» RECORDS TO USE
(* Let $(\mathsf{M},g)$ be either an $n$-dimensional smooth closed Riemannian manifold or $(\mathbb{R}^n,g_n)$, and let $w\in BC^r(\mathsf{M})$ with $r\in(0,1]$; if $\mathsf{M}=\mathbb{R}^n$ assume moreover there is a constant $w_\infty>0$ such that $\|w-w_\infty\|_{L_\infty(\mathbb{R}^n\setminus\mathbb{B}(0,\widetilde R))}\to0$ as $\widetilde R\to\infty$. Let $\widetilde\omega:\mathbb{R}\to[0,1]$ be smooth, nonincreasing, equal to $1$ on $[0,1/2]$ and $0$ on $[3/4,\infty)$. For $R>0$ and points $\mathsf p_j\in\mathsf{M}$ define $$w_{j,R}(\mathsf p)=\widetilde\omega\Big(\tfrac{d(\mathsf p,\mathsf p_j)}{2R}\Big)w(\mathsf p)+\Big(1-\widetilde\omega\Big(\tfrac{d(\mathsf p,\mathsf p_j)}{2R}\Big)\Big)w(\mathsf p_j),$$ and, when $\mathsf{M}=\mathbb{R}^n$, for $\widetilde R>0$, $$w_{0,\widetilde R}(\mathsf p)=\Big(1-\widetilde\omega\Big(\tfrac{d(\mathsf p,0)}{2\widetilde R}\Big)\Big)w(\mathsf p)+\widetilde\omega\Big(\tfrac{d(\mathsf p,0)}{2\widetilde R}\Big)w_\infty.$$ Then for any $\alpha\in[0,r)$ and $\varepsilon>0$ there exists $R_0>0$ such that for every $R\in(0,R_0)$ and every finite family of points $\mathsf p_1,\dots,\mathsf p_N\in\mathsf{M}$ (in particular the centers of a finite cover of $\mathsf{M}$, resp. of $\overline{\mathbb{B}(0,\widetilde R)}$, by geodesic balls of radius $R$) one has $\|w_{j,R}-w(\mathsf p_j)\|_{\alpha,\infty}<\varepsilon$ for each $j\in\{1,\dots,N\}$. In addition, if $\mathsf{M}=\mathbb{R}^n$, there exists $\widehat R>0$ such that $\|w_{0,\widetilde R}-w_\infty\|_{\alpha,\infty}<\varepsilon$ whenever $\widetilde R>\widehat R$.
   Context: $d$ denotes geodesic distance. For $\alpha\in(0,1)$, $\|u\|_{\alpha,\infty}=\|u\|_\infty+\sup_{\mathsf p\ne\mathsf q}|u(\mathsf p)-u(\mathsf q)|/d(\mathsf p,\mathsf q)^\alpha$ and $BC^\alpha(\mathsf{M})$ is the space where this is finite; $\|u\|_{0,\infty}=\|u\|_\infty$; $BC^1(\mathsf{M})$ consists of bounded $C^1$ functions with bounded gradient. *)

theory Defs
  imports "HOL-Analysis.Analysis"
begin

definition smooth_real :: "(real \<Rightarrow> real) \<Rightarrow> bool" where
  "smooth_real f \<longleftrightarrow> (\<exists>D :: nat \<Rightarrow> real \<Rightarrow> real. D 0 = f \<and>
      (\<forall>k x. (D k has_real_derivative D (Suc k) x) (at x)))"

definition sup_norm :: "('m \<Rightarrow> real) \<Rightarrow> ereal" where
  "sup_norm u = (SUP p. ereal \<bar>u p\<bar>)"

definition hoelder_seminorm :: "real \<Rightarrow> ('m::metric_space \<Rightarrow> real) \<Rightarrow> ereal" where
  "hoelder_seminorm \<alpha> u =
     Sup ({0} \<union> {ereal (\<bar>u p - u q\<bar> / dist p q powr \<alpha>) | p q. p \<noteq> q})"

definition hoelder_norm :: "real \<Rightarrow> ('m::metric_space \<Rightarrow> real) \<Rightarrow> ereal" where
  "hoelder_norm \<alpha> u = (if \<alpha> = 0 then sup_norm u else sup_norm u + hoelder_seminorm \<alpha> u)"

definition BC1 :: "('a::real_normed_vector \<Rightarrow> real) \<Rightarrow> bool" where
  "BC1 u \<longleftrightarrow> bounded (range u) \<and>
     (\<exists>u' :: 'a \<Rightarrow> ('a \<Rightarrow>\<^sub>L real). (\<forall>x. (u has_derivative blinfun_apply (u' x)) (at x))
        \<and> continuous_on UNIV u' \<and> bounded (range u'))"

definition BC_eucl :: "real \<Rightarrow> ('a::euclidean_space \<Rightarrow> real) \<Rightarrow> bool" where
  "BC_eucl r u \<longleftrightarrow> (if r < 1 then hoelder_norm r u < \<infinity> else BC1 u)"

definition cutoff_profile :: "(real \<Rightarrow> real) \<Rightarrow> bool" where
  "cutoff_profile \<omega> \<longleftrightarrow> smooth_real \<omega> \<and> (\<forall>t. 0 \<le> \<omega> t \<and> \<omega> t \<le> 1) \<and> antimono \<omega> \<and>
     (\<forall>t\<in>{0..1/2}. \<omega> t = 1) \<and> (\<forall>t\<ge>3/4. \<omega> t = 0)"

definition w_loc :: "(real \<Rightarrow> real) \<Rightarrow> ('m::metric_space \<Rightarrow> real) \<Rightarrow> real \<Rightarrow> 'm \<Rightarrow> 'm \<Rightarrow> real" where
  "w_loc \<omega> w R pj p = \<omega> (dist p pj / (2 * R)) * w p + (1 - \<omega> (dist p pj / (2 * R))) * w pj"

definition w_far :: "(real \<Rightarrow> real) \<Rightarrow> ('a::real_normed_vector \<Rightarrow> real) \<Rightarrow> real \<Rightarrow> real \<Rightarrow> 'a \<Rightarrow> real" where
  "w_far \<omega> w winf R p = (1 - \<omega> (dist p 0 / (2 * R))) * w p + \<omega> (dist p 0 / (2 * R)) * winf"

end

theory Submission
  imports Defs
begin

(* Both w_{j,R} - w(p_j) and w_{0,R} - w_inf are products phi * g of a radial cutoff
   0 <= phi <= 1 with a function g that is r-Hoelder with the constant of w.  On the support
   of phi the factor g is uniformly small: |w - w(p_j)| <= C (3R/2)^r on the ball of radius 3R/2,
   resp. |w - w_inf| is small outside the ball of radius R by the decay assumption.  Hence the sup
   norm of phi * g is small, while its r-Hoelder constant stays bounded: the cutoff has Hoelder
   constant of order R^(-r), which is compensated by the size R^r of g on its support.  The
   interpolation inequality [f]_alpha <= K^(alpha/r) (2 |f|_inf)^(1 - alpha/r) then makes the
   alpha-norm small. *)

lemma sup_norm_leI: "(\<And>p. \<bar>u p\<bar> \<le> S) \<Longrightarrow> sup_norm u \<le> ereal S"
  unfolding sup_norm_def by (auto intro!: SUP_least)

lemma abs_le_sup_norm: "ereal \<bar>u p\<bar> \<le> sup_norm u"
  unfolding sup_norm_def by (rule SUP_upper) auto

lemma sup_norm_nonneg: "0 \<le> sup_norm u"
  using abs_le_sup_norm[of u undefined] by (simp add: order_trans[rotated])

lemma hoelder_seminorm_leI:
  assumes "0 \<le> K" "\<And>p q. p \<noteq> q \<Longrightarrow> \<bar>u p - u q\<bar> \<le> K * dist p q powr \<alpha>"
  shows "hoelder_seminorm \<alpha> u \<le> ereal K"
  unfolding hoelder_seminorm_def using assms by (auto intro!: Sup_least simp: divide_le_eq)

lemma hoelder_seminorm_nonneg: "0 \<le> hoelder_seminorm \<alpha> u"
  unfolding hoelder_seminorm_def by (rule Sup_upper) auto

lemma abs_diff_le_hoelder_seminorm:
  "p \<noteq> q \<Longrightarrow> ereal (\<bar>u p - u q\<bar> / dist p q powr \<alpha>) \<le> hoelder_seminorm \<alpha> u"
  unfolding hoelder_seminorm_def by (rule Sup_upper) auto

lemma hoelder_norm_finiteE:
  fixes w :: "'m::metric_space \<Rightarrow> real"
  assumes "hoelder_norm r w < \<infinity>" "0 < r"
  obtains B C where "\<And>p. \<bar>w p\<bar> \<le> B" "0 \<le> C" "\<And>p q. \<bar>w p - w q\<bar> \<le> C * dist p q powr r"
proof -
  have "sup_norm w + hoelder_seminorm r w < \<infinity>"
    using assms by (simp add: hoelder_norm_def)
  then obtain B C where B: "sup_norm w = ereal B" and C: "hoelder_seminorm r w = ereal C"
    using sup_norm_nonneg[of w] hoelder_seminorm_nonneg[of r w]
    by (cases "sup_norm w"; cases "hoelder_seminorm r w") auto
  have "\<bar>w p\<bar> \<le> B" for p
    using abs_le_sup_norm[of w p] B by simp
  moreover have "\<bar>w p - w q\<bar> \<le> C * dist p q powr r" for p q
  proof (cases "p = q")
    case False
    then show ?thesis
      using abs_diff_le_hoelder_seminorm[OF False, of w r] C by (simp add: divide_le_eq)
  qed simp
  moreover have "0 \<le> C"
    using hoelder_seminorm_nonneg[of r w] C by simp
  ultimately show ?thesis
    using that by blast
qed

--

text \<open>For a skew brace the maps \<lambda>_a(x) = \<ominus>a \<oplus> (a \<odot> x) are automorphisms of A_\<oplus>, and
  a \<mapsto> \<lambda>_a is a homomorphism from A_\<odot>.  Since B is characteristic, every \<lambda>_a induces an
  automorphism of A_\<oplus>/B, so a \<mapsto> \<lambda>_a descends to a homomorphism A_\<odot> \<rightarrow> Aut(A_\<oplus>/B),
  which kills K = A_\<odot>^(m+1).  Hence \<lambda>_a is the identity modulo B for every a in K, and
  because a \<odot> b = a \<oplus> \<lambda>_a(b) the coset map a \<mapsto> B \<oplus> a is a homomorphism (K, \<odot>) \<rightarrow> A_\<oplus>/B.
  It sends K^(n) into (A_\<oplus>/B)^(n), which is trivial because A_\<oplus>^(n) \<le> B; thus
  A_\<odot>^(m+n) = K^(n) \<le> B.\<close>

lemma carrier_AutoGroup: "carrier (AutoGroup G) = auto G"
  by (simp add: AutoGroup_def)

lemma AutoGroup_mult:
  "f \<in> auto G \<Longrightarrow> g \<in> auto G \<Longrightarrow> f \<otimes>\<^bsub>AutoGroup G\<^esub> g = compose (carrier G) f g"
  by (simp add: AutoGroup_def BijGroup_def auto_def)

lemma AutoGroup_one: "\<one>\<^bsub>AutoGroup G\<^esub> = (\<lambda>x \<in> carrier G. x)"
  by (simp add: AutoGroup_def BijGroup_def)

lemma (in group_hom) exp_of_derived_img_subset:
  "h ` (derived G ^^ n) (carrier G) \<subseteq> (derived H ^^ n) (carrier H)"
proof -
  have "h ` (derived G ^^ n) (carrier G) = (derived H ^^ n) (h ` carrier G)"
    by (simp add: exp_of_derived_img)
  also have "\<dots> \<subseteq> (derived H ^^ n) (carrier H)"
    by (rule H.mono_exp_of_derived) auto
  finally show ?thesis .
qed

» WHAT IS EXPECTED
Give the number of lines in the data that contain "assms", with no other words.

» ANSWER AREA
2